▸ **Collected data entries**:
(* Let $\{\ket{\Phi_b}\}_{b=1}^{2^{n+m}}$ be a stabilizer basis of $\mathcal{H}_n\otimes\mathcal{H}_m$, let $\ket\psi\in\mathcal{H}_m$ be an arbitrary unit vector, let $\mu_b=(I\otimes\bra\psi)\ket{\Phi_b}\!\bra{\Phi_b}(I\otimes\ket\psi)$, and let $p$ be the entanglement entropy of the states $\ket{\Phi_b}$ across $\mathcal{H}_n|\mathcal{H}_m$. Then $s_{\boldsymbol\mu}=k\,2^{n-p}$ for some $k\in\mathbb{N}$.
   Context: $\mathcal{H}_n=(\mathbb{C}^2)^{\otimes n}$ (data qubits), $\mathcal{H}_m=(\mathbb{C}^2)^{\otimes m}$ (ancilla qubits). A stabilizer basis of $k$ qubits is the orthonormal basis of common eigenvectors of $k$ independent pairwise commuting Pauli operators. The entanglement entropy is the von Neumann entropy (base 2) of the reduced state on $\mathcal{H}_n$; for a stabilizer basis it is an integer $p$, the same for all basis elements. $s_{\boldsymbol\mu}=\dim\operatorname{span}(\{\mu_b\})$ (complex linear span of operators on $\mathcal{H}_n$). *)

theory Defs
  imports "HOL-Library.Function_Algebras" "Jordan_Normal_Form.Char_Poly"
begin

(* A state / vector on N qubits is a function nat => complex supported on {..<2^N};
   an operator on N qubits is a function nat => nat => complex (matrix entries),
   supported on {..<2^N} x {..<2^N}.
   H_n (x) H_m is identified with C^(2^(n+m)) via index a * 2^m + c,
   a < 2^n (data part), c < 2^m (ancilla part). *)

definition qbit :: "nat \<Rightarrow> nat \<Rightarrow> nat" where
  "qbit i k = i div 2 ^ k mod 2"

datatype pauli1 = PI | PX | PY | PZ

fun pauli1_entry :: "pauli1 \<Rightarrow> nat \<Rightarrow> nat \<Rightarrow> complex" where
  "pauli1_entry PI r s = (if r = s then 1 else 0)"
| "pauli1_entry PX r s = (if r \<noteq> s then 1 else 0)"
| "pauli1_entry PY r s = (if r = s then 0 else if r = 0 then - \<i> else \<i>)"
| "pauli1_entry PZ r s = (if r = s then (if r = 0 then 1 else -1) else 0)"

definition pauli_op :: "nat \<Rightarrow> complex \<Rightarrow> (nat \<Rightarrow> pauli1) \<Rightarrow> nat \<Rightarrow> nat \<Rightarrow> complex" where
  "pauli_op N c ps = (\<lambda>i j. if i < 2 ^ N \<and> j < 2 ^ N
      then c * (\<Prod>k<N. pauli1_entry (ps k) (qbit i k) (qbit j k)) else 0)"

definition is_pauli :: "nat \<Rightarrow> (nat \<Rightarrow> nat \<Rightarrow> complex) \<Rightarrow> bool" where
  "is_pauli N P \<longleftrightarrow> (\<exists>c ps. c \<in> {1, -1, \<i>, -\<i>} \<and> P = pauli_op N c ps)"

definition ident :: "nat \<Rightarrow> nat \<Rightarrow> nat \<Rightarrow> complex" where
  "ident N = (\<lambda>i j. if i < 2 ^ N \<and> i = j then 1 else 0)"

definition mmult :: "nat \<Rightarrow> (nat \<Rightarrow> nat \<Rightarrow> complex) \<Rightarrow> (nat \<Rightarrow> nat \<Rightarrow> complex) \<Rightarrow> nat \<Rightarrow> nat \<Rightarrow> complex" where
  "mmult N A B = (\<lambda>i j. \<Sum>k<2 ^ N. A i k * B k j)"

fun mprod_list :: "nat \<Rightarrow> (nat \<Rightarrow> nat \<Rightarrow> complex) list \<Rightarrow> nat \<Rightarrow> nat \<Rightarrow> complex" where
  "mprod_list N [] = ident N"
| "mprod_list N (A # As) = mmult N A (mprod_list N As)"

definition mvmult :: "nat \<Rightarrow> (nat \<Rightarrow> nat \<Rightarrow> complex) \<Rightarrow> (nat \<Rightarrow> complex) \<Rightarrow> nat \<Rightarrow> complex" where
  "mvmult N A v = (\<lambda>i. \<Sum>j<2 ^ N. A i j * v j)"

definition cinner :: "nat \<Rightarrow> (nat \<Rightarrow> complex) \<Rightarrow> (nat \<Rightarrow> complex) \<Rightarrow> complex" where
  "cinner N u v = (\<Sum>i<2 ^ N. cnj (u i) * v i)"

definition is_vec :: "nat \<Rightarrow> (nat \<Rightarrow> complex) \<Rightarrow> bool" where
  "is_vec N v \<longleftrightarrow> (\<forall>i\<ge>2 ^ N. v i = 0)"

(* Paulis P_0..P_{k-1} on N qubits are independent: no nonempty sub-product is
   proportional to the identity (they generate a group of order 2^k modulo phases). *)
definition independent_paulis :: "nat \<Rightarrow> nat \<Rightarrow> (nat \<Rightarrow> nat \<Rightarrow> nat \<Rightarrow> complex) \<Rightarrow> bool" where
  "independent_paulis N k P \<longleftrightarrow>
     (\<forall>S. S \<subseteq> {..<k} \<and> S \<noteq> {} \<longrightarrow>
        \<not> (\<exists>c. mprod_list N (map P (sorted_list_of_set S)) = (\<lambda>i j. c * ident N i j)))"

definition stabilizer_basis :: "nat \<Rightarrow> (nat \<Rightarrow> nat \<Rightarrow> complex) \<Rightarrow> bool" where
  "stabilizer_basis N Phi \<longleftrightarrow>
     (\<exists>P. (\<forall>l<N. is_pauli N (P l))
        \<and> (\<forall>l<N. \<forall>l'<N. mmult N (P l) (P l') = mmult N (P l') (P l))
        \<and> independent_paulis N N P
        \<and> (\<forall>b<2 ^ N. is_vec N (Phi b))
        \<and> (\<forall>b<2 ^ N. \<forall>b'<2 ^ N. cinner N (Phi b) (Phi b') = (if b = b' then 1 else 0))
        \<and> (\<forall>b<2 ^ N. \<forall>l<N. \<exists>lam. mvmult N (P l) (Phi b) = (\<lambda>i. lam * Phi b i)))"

▸ **WORK ITEM**: The response should consist of the entries, retyped exactly and in full.

▸ **SOLVED PROBLEM**:
(* Let $\{\ket{\Phi_b}\}_{b=1}^{2^{n+m}}$ be a stabilizer basis of $\mathcal{H}_n\otimes\mathcal{H}_m$, let $\ket\psi\in\mathcal{H}_m$ be an arbitrary unit vector, let $\mu_b=(I\otimes\bra\psi)\ket{\Phi_b}\!\bra{\Phi_b}(I\otimes\ket\psi)$, and let $p$ be the entanglement entropy of the states $\ket{\Phi_b}$ across $\mathcal{H}_n|\mathcal{H}_m$. Then $s_{\boldsymbol\mu}=k\,2^{n-p}$ for some $k\in\mathbb{N}$.
   Context: $\mathcal{H}_n=(\mathbb{C}^2)^{\otimes n}$ (data qubits), $\mathcal{H}_m=(\mathbb{C}^2)^{\otimes m}$ (ancilla qubits). A stabilizer basis of $k$ qubits is the orthonormal basis of common eigenvectors of $k$ independent pairwise commuting Pauli operators. The entanglement entropy is the von Neumann entropy (base 2) of the reduced state on $\mathcal{H}_n$; for a stabilizer basis it is an integer $p$, the same for all basis elements. $s_{\boldsymbol\mu}=\dim\operatorname{span}(\{\mu_b\})$ (complex linear span of operators on $\mathcal{H}_n$). *)

theory Defs
  imports "HOL-Library.Function_Algebras" "Jordan_Normal_Form.Char_Poly"
begin

(* A state / vector on N qubits is a function nat => complex supported on {..<2^N};
   an operator on N qubits is a function nat => nat => complex (matrix entries),
   supported on {..<2^N} x {..<2^N}.
   H_n (x) H_m is identified with C^(2^(n+m)) via index a * 2^m + c,
   a < 2^n (data part), c < 2^m (ancilla part). *)

definition qbit :: "nat \<Rightarrow> nat \<Rightarrow> nat" where
  "qbit i k = i div 2 ^ k mod 2"

datatype pauli1 = PI | PX | PY | PZ

fun pauli1_entry :: "pauli1 \<Rightarrow> nat \<Rightarrow> nat \<Rightarrow> complex" where
  "pauli1_entry PI r s = (if r = s then 1 else 0)"
| "pauli1_entry PX r s = (if r \<noteq> s then 1 else 0)"
| "pauli1_entry PY r s = (if r = s then 0 else if r = 0 then - \<i> else \<i>)"
| "pauli1_entry PZ r s = (if r = s then (if r = 0 then 1 else -1) else 0)"

definition pauli_op :: "nat \<Rightarrow> complex \<Rightarrow> (nat \<Rightarrow> pauli1) \<Rightarrow> nat \<Rightarrow> nat \<Rightarrow> complex" where
  "pauli_op N c ps = (\<lambda>i j. if i < 2 ^ N \<and> j < 2 ^ N
      then c * (\<Prod>k<N. pauli1_entry (ps k) (qbit i k) (qbit j k)) else 0)"

definition is_pauli :: "nat \<Rightarrow> (nat \<Rightarrow> nat \<Rightarrow> complex) \<Rightarrow> bool" where
  "is_pauli N P \<longleftrightarrow> (\<exists>c ps. c \<in> {1, -1, \<i>, -\<i>} \<and> P = pauli_op N c ps)"

definition ident :: "nat \<Rightarrow> nat \<Rightarrow> nat \<Rightarrow> complex" where
  "ident N = (\<lambda>i j. if i < 2 ^ N \<and> i = j then 1 else 0)"

definition mmult :: "nat \<Rightarrow> (nat \<Rightarrow> nat \<Rightarrow> complex) \<Rightarrow> (nat \<Rightarrow> nat \<Rightarrow> complex) \<Rightarrow> nat \<Rightarrow> nat \<Rightarrow> complex" where
  "mmult N A B = (\<lambda>i j. \<Sum>k<2 ^ N. A i k * B k j)"

fun mprod_list :: "nat \<Rightarrow> (nat \<Rightarrow> nat \<Rightarrow> complex) list \<Rightarrow> nat \<Rightarrow> nat \<Rightarrow> complex" where
  "mprod_list N [] = ident N"
| "mprod_list N (A # As) = mmult N A (mprod_list N As)"

definition mvmult :: "nat \<Rightarrow> (nat \<Rightarrow> nat \<Rightarrow> complex) \<Rightarrow> (nat \<Rightarrow> complex) \<Rightarrow> nat \<Rightarrow> complex" where
  "mvmult N A v = (\<lambda>i. \<Sum>j<2 ^ N. A i j * v j)"

definition cinner :: "nat \<Rightarrow> (nat \<Rightarrow> complex) \<Rightarrow> (nat \<Rightarrow> complex) \<Rightarrow> complex" where
  "cinner N u v = (\<Sum>i<2 ^ N. cnj (u i) * v i)"

definition is_vec :: "nat \<Rightarrow> (nat \<Rightarrow> complex) \<Rightarrow> bool" where
  "is_vec N v \<longleftrightarrow> (\<forall>i\<ge>2 ^ N. v i = 0)"

(* Paulis P_0..P_{k-1} on N qubits are independent: no nonempty sub-product is
   proportional to the identity (they generate a group of order 2^k modulo phases). *)
definition independent_paulis :: "nat \<Rightarrow> nat \<Rightarrow> (nat \<Rightarrow> nat \<Rightarrow> nat \<Rightarrow> complex) \<Rightarrow> bool" where
  "independent_paulis N k P \<longleftrightarrow>
     (\<forall>S. S \<subseteq> {..<k} \<and> S \<noteq> {} \<longrightarrow>
        \<not> (\<exists>c. mprod_list N (map P (sorted_list_of_set S)) = (\<lambda>i j. c * ident N i j)))"

definition stabilizer_basis :: "nat \<Rightarrow> (nat \<Rightarrow> nat \<Rightarrow> complex) \<Rightarrow> bool" where
  "stabilizer_basis N Phi \<longleftrightarrow>
     (\<exists>P. (\<forall>l<N. is_pauli N (P l))
        \<and> (\<forall>l<N. \<forall>l'<N. mmult N (P l) (P l') = mmult N (P l') (P l))
        \<and> independent_paulis N N P
        \<and> (\<forall>b<2 ^ N. is_vec N (Phi b))
        \<and> (\<forall>b<2 ^ N. \<forall>b'<2 ^ N. cinner N (Phi b) (Phi b') = (if b = b' then 1 else 0))
        \<and> (\<forall>b<2 ^ N. \<forall>l<N. \<exists>lam. mvmult N (P l) (Phi b) = (\<lambda>i. lam * Phi b i)))"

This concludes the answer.